The answer will be written in C, with POSIX multibyte functions. The said functions are also found on Windows. Assume that the bytestring ends at len and is well-formed up to the point; assume appropriate setlocale calls. Porting to mbrlen is left as an exercise for the reader.

The naive solution

The obviously correct solution involves parsing the encoding "as intended", going from left-to-right.

ssize_t index_of_last_char_left(const char *c, size_t len) {
  size_t pos = 0;
  size_t next = 1;
  mblen(NULL, 0);

  while (pos < len - 1) {
    next = mblen(c + pos, len - pos);
    if (next == -1)  // Invalid input
      return pos;
    pos += next;
  }

  return pos - next;
}

Deleting multiple characters like this will cause an "accidentally quadratic" situation; memorizing of intermediate positions will help, but additional management is required.

The right-to-left solution

As I mentioned in the question, for self-synchonizing encodings the only thing to do is to look for a start marker. But what breaks with the ones that don't self-synchonize?

  • The one-or-two-byte EUC encodings have both bytes of the two-byte sequence higher than 0x7f, and there's almost no differentiating between start and continuation bytes. For that we can check for mblen(pos) == bytes_left since we know the string is well-formed.
  • The Big5, GBK, and GB10830 encodings also allow a continuation byte in the ASCII range, so a lookbehind is mandatory.

With that cleared out (and assuming the bytestring up to len is well-formed), we can have:

// As much as CJK encodings do. I don't have time to see if it works for UTF-1.
#define MAX_MB_LEN 4

ssize_t index_of_last_char_right(const char *c, size_t len) {
  ssize_t pos = len - 1;
  bool last = true;
  bool last_is_okay = false;
  assert(!mblen(NULL, 0));   // No, we really cannot handle shift states.

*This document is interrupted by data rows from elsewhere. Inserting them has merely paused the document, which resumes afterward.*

(* There is no local distribution in the 4-output triangle network that is output-permutation invariant and saturates the Finner inequality. Precisely, let $\alpha,\beta,\gamma$ be independent and uniform on $[0,1]$, and let $s_A,s_B,s_C:[0,1]^2\to\{0,1,2,3\}$ be measurable. Let $p_{abc}$ be the joint distribution of $(s_A(\beta,\gamma),s_B(\alpha,\gamma),s_C(\alpha,\beta))$. Then $p$ cannot simultaneously satisfy both of the following: (i) $p$ is output-permutation invariant (OPI); (ii) $p_{000}=\sqrt{p(a=0)\,p(b=0)\,p(c=0)}$. Under (i) all one-party marginals equal $\tfrac14$, so condition (ii) is equivalent to $p_{xxx}=\tfrac18$ for all $x\in\{0,1,2,3\}$.
   Context: A distribution $p_{abc}$ on $\{0,1,2,3\}^3$ is called output-permutation invariant (OPI) if it satisfies two conditions. First, it is invariant under any permutation of the three parties, e.g. $p_{abc}=p_{bca}=p_{bac}$. Second, it is invariant under applying one common permutation $\sigma$ of $\{0,1,2,3\}$ to all outputs, i.e. $p_{abc}=p_{\sigma(a)\sigma(b)\sigma(c)}$. Equivalently, $p_{abc}$ depends only on the pattern of equalities among $a,b,c$. The value is $p_{111}$ if all three outputs are equal, $p_{112}$ if exactly two are equal, and $p_{123}$ if all three are distinct. These satisfy $4p_{111}+36p_{112}+24p_{123}=1$. The Finner inequality states $p_{abc}\le\sqrt{p(a)p(b)p(c)}$, where $p(a)$, $p(b)$, $p(c)$ are the one-party marginals. It holds for all local triangle distributions, i.e. those generated by the model above. *)

theory Defs
  imports "HOL-Analysis.Analysis" "HOL-Combinatorics.Permutations"
begin
lemma variety_if_isomorphic:
  assumes "variety k C A w" "isomorphic C v w"
  shows "variety k C A v"
proof -
  obtain E where E: "system k C A E" "general_solution C A E w"
    using assms(1) unfolding variety_def by blast
  have eqs: "\<forall>e\<in>E. equation C A e" using E(1) unfolding system_def by blast
  obtain h where h: "iso C h" "Dom C h = Dom C v" "Cod C h = Dom C w" "v = Comp C w h"
    using assms(2) unfolding isomorphic_def by blast
  have h_arr: "h \<in> Arr C" using h(1) unfolding iso_def by blast
  have w: "solution C A E w" using E(2) unfolding general_solution_def by blast
  have "general_solution C A E v"
  proof (rule general_solutionI)
    show "solution C A E v"
      using solution_Comp[OF eqs w h_arr h(3)] h(4) by simp
    show "mono C v"
      using mono_Comp[OF iso_mono[OF h(1)] general_solution_mono[OF eqs E(2)] h(3)] h(4) by simp
    show "factors C a v" if "solution C A E a" for a
      using factors_trans[OF general_solution_factors[OF E(2) that]
          isomorphic_factors[OF isomorphic_sym[OF assms(2)]]] .
  qed
  then show ?thesis using E(1) unfolding variety_def by blast
qed

lemma wide_pullback_universal:
  assumes "wide_pullback C A M p \<pi>" "q \<in> Arr C" "Cod C q = A"
    "\<forall>m\<in>M. \<sigma> m \<in> Arr C \<and> Dom C (\<sigma> m) = Dom C q \<and> Cod C (\<sigma> m) = Dom C m \<and> Comp C m (\<sigma> m) = q"
  shows "\<exists>!u. u \<in> Arr C \<and> Dom C u = Dom C q \<and> Cod C u = Dom C p \<and> Comp C p u = q \<and>
           (\<forall>m\<in>M. Comp C (\<pi> m) u = \<sigma> m)"
proof -
  have "\<forall>q \<sigma>. q \<in> Arr C \<and> Cod C q = A \<and>
      (\<forall>m\<in>M. \<sigma> m \<in> Arr C \<and> Dom C (\<sigma> m) = Dom C q \<and> Cod C (\<sigma> m) = Dom C m \<and> Comp C m (\<sigma> m) = q)
      \<longrightarrow> (\<exists>!u. u \<in> Arr C \<and> Dom C u = Dom C q \<and> Cod C u = Dom C p \<and> Comp C p u = q \<and>
                 (\<forall>m\<in>M. Comp C (\<pi> m) u = \<sigma> m))"
    using assms(1) unfolding wide_pullback_def by (elim conjE)
  from this[rule_format, OF conjI[OF assms(2) conjI[OF assms(3) assms(4)]]] show ?thesis .
qed
lemma bdd_above_classical_semigroup_ratio:
  "bdd_above ((\<lambda>f. vnorm 4 (classical_semigroup chi lam t f) / vnorm 2 f) ` {f. \<exists>g. f g \<noteq> 0})"
proof (rule bdd_aboveI2)
  let ?K = "(\<Sum>i\<in>UNIV. exp (Re (lam i * of_real t))) * sqrt (real CARD('g))"
  fix f :: "'g \<Rightarrow> complex"
  assume "f \<in> {f. \<exists>g. f g \<noteq> 0}"
  then have "0 < vnorm 2 f"
    using vnorm2_pos by blast
  have "cmod (classical_semigroup chi lam t f g) \<le> ?K * vnorm 2 f" for g
  proof -
    have "cmod (classical_semigroup chi lam t f g)
        \<le> (\<Sum>i\<in>UNIV. cmod (exp (lam i * of_real t) * fourier chi f i * chi i g))"
      unfolding classical_semigroup_def by (rule norm_sum)
    also have "\<dots> \<le> (\<Sum>i\<in>UNIV. exp (Re (lam i * of_real t)) * (sqrt (real CARD('g)) * vnorm 2 f))"
      by (intro sum_mono) (auto simp: norm_mult norm_chi norm_exp_eq_Re intro!: mult_left_mono norm_fourier_le)
    also have "\<dots> = ?K * vnorm 2 f"
      by (simp add: sum_distrib_left sum_distrib_right mult_ac)
    finally show ?thesis .
  qed
  then have "vnorm 4 (classical_semigroup chi lam t f) \<le> ?K * vnorm 2 f"
    by (rule vnorm4_le)
  then show "vnorm 4 (classical_semigroup chi lam t f) / vnorm 2 f \<le> ?K"
    using \<open>0 < vnorm 2 f\<close> by (simp add: pos_divide_le_eq)
qed

lemma classical_semigroup_char_comb:
  "classical_semigroup chi lam t (char_comb chi z) = char_comb chi (\<lambda>i. z i * exp (lam i * of_real t))"
  unfolding classical_semigroup_def fourier_char_comb by (simp add: char_comb_def mult_ac)

lemma classical_semigroup_char_comb_norm:
  assumes "\<And>i. lam i \<in> \<real>"
  shows "classical_semigroup chi lam t (char_comb chi (\<lambda>i. complex_of_real (cmod (x i))))
         = char_comb chi (\<lambda>i. complex_of_real (cmod (x i * exp (lam i * of_real t))))"
proof -
  have "complex_of_real (cmod (x i)) * exp (lam i * of_real t)
      = complex_of_real (cmod (x i * exp (lam i * of_real t)))" for i
  proof -
    obtain r where "lam i = of_real r"
      using assms Reals_cases by blast
    then show ?thesis
      by (simp add: exp_of_real[symmetric] norm_mult)
  qed
  then show ?thesis
    by (simp add: classical_semigroup_char_comb)
qed

end

section \<open>The two semigroups\<close>

lemma complex_linear_map_sum:
  assumes "complex_linear_map L"
  shows "L (\<Sum>i\<in>S. A i) = (\<Sum>i\<in>S. L (A i))"
proof -
  have "L (0 *c X) = 0 *c L X" for X
    using assms unfolding complex_linear_map_def by blast
  then have "L 0 = 0"
    by simp
  then show ?thesis
    using assms by (induct S rule: infinite_finite_induct) (simp_all add: complex_linear_map_def)
qed

lemma funpow_basis_comb:
  assumes "complex_linear_map L" and "\<And>i. L (U i) = lam i *c U i"
  shows "(L ^^ n) (basis_comb U x) = basis_comb U (\<lambda>i. x i * lam i ^ n)"
proof (induct n)
  case 0
  then show ?case by simp
next
  case (Suc n)
  have "L (c *c X) = c *c L X" for c X
    using assms(1) by (simp add: complex_linear_map_def)
  with Suc show ?case
    by (simp add: basis_comb_def complex_linear_map_sum[OF assms(1)] assms(2) cscale_cscale mult_ac)
qed

lemma semigroup_basis_comb:
  assumes "complex_linear_map L" and "\<And>i. L (U i) = lam i *c U i"
  shows "semigroup L t (basis_comb U x) = basis_comb U (\<lambda>i. x i * exp (lam i * of_real t))"
proof -
  have "(\<lambda>n. (t ^ n / fact n) *\<^sub>R (L ^^ n) (basis_comb U x)) =
     (\<lambda>n. \<Sum>i\<in>UNIV. (x i * ((of_real t * lam i) ^ n /\<^sub>R fact n)) *c U i)"
    unfolding funpow_basis_comb[OF assms]
    by (simp add: basis_comb_def scaleR_eq_cscale cscale_sum cscale_cscale fun_eq_iff
        scaleR_conv_of_real power_mult_distrib mult_ac divide_inverse)
  moreover have "(\<lambda>n. \<Sum>i\<in>UNIV. (x i * ((of_real t * lam i) ^ n /\<^sub>R fact n)) *c U i) sums
        (\<Sum>i\<in>UNIV. (x i * exp (of_real t * lam i)) *c U i)"
    using bounded_linear.sums[OF bounded_linear_cscale sums_mult[OF exp_converges]]
    by (intro sums_sum) simp
  ultimately show ?thesis
    unfolding semigroup_def by (simp add: sums_unique[symmetric] basis_comb_def mult.commute)
qed

lemma reversible_eigenvalue_real:
  assumes "reversible L" and "L V = c *c V" and "V \<noteq> 0"
  shows "c \<in> \<real>"
proof -
  have "hs_inner V (L V) = hs_inner (L V) V"
    using assms(1) by (simp add: reversible_def)
  then have "c * hs_inner V V = cnj c * hs_inner V V"
    using assms(2) by (simp add: hs_inner_def adj_cscale matrix_mult_cscale_left
        matrix_mult_cscale_right trace_cscale)
  then have "cnj c = c"
    using assms(3) by (auto simp: hs_inner_self_eq_0_iff)
  then show ?thesis
    by (simp add: Reals_cnj_iff)
qed

lemma (in char_isomorphism) schatten_ratio_le_norm_2_4_V:
  assumes "almost_commuting_basis U" and "x j \<noteq> 0" and "\<And>i. lam i \<in> \<real>"
  shows "schatten_norm_even 2 (basis_comb U (\<lambda>i. x i * exp (lam i * of_real t)))
           / schatten_norm_even 1 (basis_comb U x)
         \<le> norm_2_4_V (classical_semigroup chi lam t)"
proof -
  interpret almost_commuting_basis U
    by (fact assms(1))
  let ?P = "classical_semigroup chi lam t"
  define f where "f = char_comb chi (\<lambda>i. complex_of_real (cmod (x i)))"
  have "fourier chi f j \<noteq> 0"
    using assms(2) by (simp add: f_def fourier_char_comb)
  then have "f \<noteq> (\<lambda>_. 0)"
    by (auto simp: fourier_def vinner_def)
  then have "f \<in> {f. \<exists>g. f g \<noteq> 0}"
    by auto
  have "?P f = char_comb chi (\<lambda>i. complex_of_real (cmod (x i * exp (lam i * of_real t))))"
    unfolding f_def using assms(3) by (rule classical_semigroup_char_comb_norm)
  then have "schatten_norm_even 2 (basis_comb U (\<lambda>i. x i * exp (lam i * of_real t))) \<le> vnorm 4 (?P f)"
    using schatten_norm_even_2_basis_comb_le by (simp add: vnorm4_char_comb)
  moreover have "schatten_norm_even 1 (basis_comb U x) = vnorm 2 f"
    unfolding f_def schatten_norm_even_1_basis_comb vnorm2_char_comb by simp
  moreover have "0 < vnorm 2 f"
    using \<open>f \<in> {f. \<exists>g. f g \<noteq> 0}\<close> vnorm2_pos by blast
  ultimately have "schatten_norm_even 2 (basis_comb U (\<lambda>i. x i * exp (lam i * of_real t)))
           / schatten_norm_even 1 (basis_comb U x) \<le> vnorm 4 (?P f) / vnorm 2 f"
    by (simp add: divide_right_mono)
  also have "\<dots> \<le> norm_2_4_V ?P"
    unfolding norm_2_4_V_def
    by (rule cSUP_upper[OF \<open>f \<in> {f. \<exists>g. f g \<noteq> 0}\<close> bdd_above_classical_semigroup_ratio])
  finally show ?thesis .
qed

  for (; pos >= 0 && pos >= len - 2 - MAX_MB_LEN; pos--) {
    int next = mblen(c + pos, len - pos);
    bool okay = (next > 0) && (next == len - pos - 1);
    if (last) {
      last_is_okay = okay;
      last = false;
    } else if (okay)
      return pos;
  }

  return last_is_okay ? len - 1 : -1;
}

(You should be able to find the last good char of a malformed string by (next > 0) && (next <= len - pos - 1). But don't return that when the last byte is okay!)

What's the point of this?

The code sample above is for the idealist who does not want to write just a "UTF-8 support" but a "locale support" based on the C library. There might not have a point for this at all in 2021 :)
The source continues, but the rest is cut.